Exercise materials below:

definition bipartite_ramsey :: "real \<Rightarrow> 'a set \<Rightarrow> 'b set \<Rightarrow> ('a \<times> 'b) set \<Rightarrow> bool" where
  "bipartite_ramsey C V1 V2 E \<longleftrightarrow>
     (\<forall>t1 t2 :: nat. real t1 \<ge> C * log 2 (real (card V1)) \<longrightarrow> real t2 \<ge> C * log 2 (real (card V2)) \<longrightarrow>
        \<not> (\<exists>T1 T2. T1 \<subseteq> V1 \<and> T2 \<subseteq> V2 \<and> card T1 = t1 \<and> card T2 = t2 \<and>
               ((T1 \<times> T2 \<subseteq> E) \<or> (T1 \<times> T2) \<inter> E = {})))"

end

(*
  The vertices u_i are chosen greedily: if W is the part of V2 not yet covered,
  the Ramsey property provides a vertex whose neighbourhood splits W into two
  parts of size at least |W|/(64C). Otherwise at least half of V1 has fewer
  than |W|/(64C) neighbours in W, or at least half has fewer than |W|/(64C)
  non-neighbours. Picking t ~ C log2 n vertices on one side greedily, each
  related to at most a 1/(16C) fraction of the surviving vertices on the other
  side, keeps a fraction (1 - 1/(16C))^t >= e^-1 n^(-1/8) of them. For large
  n this is still more than C log2 n, so there is an empty (or complete)
  bipartite subgraph with sides of size ceiling (C log2 |Vi|), contradicting
  the Ramsey property.
*)
theory Submission
  imports Defs "HOL-Real_Asymp.Real_Asymp"
begin

lemma sum_card_filter_swap:
  assumes "finite X" "finite Y"
  shows "(\<Sum>x\<in>X. card {y\<in>Y. R x y}) = (\<Sum>y\<in>Y. card {x\<in>X. R x y})"
proof -
  have "card {y\<in>Y. R x y} = (\<Sum>y\<in>Y. of_bool (R x y))" for x
    using assms(2) by (simp add: Int_def)
  moreover have "card {x\<in>X. R x y} = (\<Sum>x\<in>X. of_bool (R x y))" for y
    using assms(1) by (simp add: Int_def)
  ultimately show ?thesis
    by (simp only:) (rule sum.swap)
qed
(* Let $p$ be an odd prime, $q\in\mathbb{C}_p$ with $|q-1|_p<1$, $\alpha\in\mathbb{N}\cup\{0\}$, $h\in\mathbb{N}$. For every integer $n\ge0$, \[ \int_{\mathbb{Z}_p}q^{(h-1)(\xi+1)}[1-\xi]_{q^{-\alpha}}^n\,d\mu_{-q}(\xi)=\frac{\widetilde{G}_{n+1,q^{-1}}^{(\alpha,h)}(2)}{n+1}. \]
   Context: For $x\in\mathbb{Z}_p$ write $[x]_q=\frac{1-q^x}{1-q}$. For a uniformly differentiable $f:\mathbb{Z}_p\to\mathbb{C}_p$, the fermionic $p$-adic $q$-integral is $\int_{\mathbb{Z}_p}f(\xi)\,d\mu_{-q}(\xi)=\lim_{N\to\infty}\frac{1}{[p^N]_{-q}}\sum_{\xi=0}^{p^N-1}f(\xi)(-q)^{\xi}$, with $[p^N]_{-q}=\frac{1+q^{p^N}}{1+q}$. The $(h,q)$-Genocchi polynomials with weight $\alpha$ are defined for $n\ge0$, $x\in\mathbb{Z}_p$ by $\frac{\widetilde{G}_{n+1,q}^{(\alpha,h)}(x)}{n+1}=\int_{\mathbb{Z}_p}q^{(h-1)\xi}[x+\xi]_{q^{\alpha}}^n\,d\mu_{-q}(\xi)$. The version with $q^{-1}$ is obtained by replacing $q$ by $q^{-1}$ everywhere: $\frac{\widetilde{G}_{n+1,q^{-1}}^{(\alpha,h)}(x)}{n+1}=\int_{\mathbb{Z}_p}q^{(1-h)\xi}[x+\xi]_{q^{-\alpha}}^n\,d\mu_{-q^{-1}}(\xi)$. *)

theory Defs
  imports "HOL-Computational_Algebra.Computational_Algebra"
begin

definition padic_val_rat :: "nat \<Rightarrow> rat \<Rightarrow> int" where
  "padic_val_rat p r = (case quotient_of r of (a, b) \<Rightarrow>
      int (multiplicity (int p) a) - int (multiplicity (int p) b))"

definition padic_abs_rat :: "nat \<Rightarrow> rat \<Rightarrow> real" where
  "padic_abs_rat p r = (if r = 0 then 0 else real p powr (- real_of_int (padic_val_rat p r)))"

definition conv_abs :: "('a::field \<Rightarrow> real) \<Rightarrow> (nat \<Rightarrow> 'a) \<Rightarrow> 'a \<Rightarrow> bool" where
  "conv_abs absv s L \<longleftrightarrow> (\<forall>e>0. \<exists>M. \<forall>N\<ge>M. absv (s N - L) < e)"

definition algebraic_over_Q :: "'a::field_char_0 \<Rightarrow> bool" where
  "algebraic_over_Q x \<longleftrightarrow> (\<exists>P :: rat poly. P \<noteq> 0 \<and> poly (map_poly of_rat P) x = 0)"

text \<open>Up to isometric isomorphism this is exactly (C_p, |.|_p).\<close>
definition Cp_field :: "('a::field_char_0 \<Rightarrow> real) \<Rightarrow> nat \<Rightarrow> bool" where
  "Cp_field absv p \<longleftrightarrow>
     (\<forall>x. absv x \<ge> 0) \<and> (\<forall>x. absv x = 0 \<longleftrightarrow> x = 0) \<and>
     (\<forall>x y. absv (x * y) = absv x * absv y) \<and>
     (\<forall>x y. absv (x + y) \<le> max (absv x) (absv y)) \<and>
     (\<forall>r. absv (of_rat r) = padic_abs_rat p r) \<and>
     (\<forall>s. (\<forall>e>0. \<exists>M. \<forall>m\<ge>M. \<forall>k\<ge>M. absv (s m - s k) < e) \<longrightarrow> (\<exists>L. conv_abs absv s L)) \<and>
     (\<forall>P :: 'a poly. degree P > 0 \<longrightarrow> (\<exists>x. poly P x = 0)) \<and>
     (\<forall>x e. e > 0 \<longrightarrow> (\<exists>y. algebraic_over_Q y \<and> absv (x - y) < e))"

definition qbr :: "'a::field \<Rightarrow> int \<Rightarrow> 'a" where
  "qbr Q x = (if Q = 1 then of_int x else (1 - Q powi x) / (1 - Q))"

text \<open>Fermionic p-adic q-integral; f is given by its values on the natural numbers,
  which are the only values entering the defining Riemann sums.\<close>
definition fermionic_qint :: "('a::field_char_0 \<Rightarrow> real) \<Rightarrow> nat \<Rightarrow> 'a \<Rightarrow> (nat \<Rightarrow> 'a) \<Rightarrow> 'a" where
  "fermionic_qint absv p q f = (THE L. conv_abs absv
      (\<lambda>N. (1 / qbr (- q) (int (p ^ N))) * (\<Sum>\<xi><p ^ N. f \<xi> * (- q) ^ \<xi>)) L)"

text \<open>Gtilde absv p Q alpha h m x = \<open>G~_{m,Q}^{(alpha,h)}(x)\<close> for m \<ge> 1, i.e.
  G~_{n+1,Q}(x) = (n+1) * int q^((h-1) xi) [x+xi]_{Q^alpha}^n d mu_{-Q}(xi).
  The q^{-1}-version is obtained by taking Q = inverse q.\<close>
definition Gtilde :: "('a::field_char_0 \<Rightarrow> real) \<Rightarrow> nat \<Rightarrow> 'a \<Rightarrow> nat \<Rightarrow> nat \<Rightarrow> nat \<Rightarrow> int \<Rightarrow> 'a" where
  "Gtilde absv p Q \<alpha> h m x = of_nat m *
     fermionic_qint absv p Q (\<lambda>\<xi>. Q ^ ((h - 1) * \<xi>) * qbr (Q ^ \<alpha>) (x + int \<xi>) ^ (m - 1))"

end

theory Submission
  imports Defs
begin

text \<open>
  Writing P = p^N, the change of variables \<xi> \<mapsto> P - 1 - \<xi> turns the Riemann sum of the
  q^{-1}-integral into a Riemann sum for the measure \<mu>_{-q}; this is the discrete form of
  \<open>\<integral> f(\<xi>) d\<mu>_{-q^{-1}}(\<xi>) = \<integral> f(-1-\<xi>) d\<mu>_{-q}(\<xi>)\<close>.  After the substitution the two
  integrands differ only through q^{-P} versus 1 and [P + x] versus [x], and both
  differences are bounded by max(1/p, |q - 1|)^N because |q^{p^N} - 1| and |p^N| decay
  geometrically.  Hence the two sequences of Riemann sums have the same limits.
\<close>

locale nonarch_abs =
  fixes absv :: "'a::field \<Rightarrow> real"
  assumes absv_nonneg: "absv x \<ge> 0"
    and absv_eq_0_iff: "absv x = 0 \<longleftrightarrow> x = 0"
    and absv_mult: "absv (x * y) = absv x * absv y"
    and absv_add_le_max: "absv (x + y) \<le> max (absv x) (absv y)"
begin

lemma absv_0: "absv 0 = 0"
  by (simp add: absv_eq_0_iff)

lemma absv_1: "absv 1 = 1"
proof -
  have "absv 1 = absv 1 * absv 1" using absv_mult[of 1 1] by simp
  moreover have "absv 1 \<noteq> 0" by (simp add: absv_eq_0_iff)
  ultimately show ?thesis by simp
qed

lemma absv_minus: "absv (- x) = absv x"
proof -
  have "absv (-1) * absv (-1) = 1" using absv_mult[of "-1" "-1"] absv_1 by simp
  then have "absv (-1) = 1" using absv_nonneg[of "-1"] unfolding square_eq_1_iff by auto
  then show ?thesis using absv_mult[of "-1" x] by simp
qed

lemma absv_minus_commute: "absv (x - y) = absv (y - x)"
  using absv_minus[of "x - y"] by simp

lemma absv_diff_le_max: "absv (x - y) \<le> max (absv x) (absv y)"
  using absv_add_le_max[of x "- y"] absv_minus[of y] by simp

lemma absv_diff_triangle: "absv (x - z) \<le> max (absv (x - y)) (absv (y - z))"
  using absv_add_le_max[of "x - y" "y - z"] by simp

End of Exercise materials.

= Instructions to follow =
Only a number is expected in response: how many lines of the records above include the word "assumes".

= Solution =
2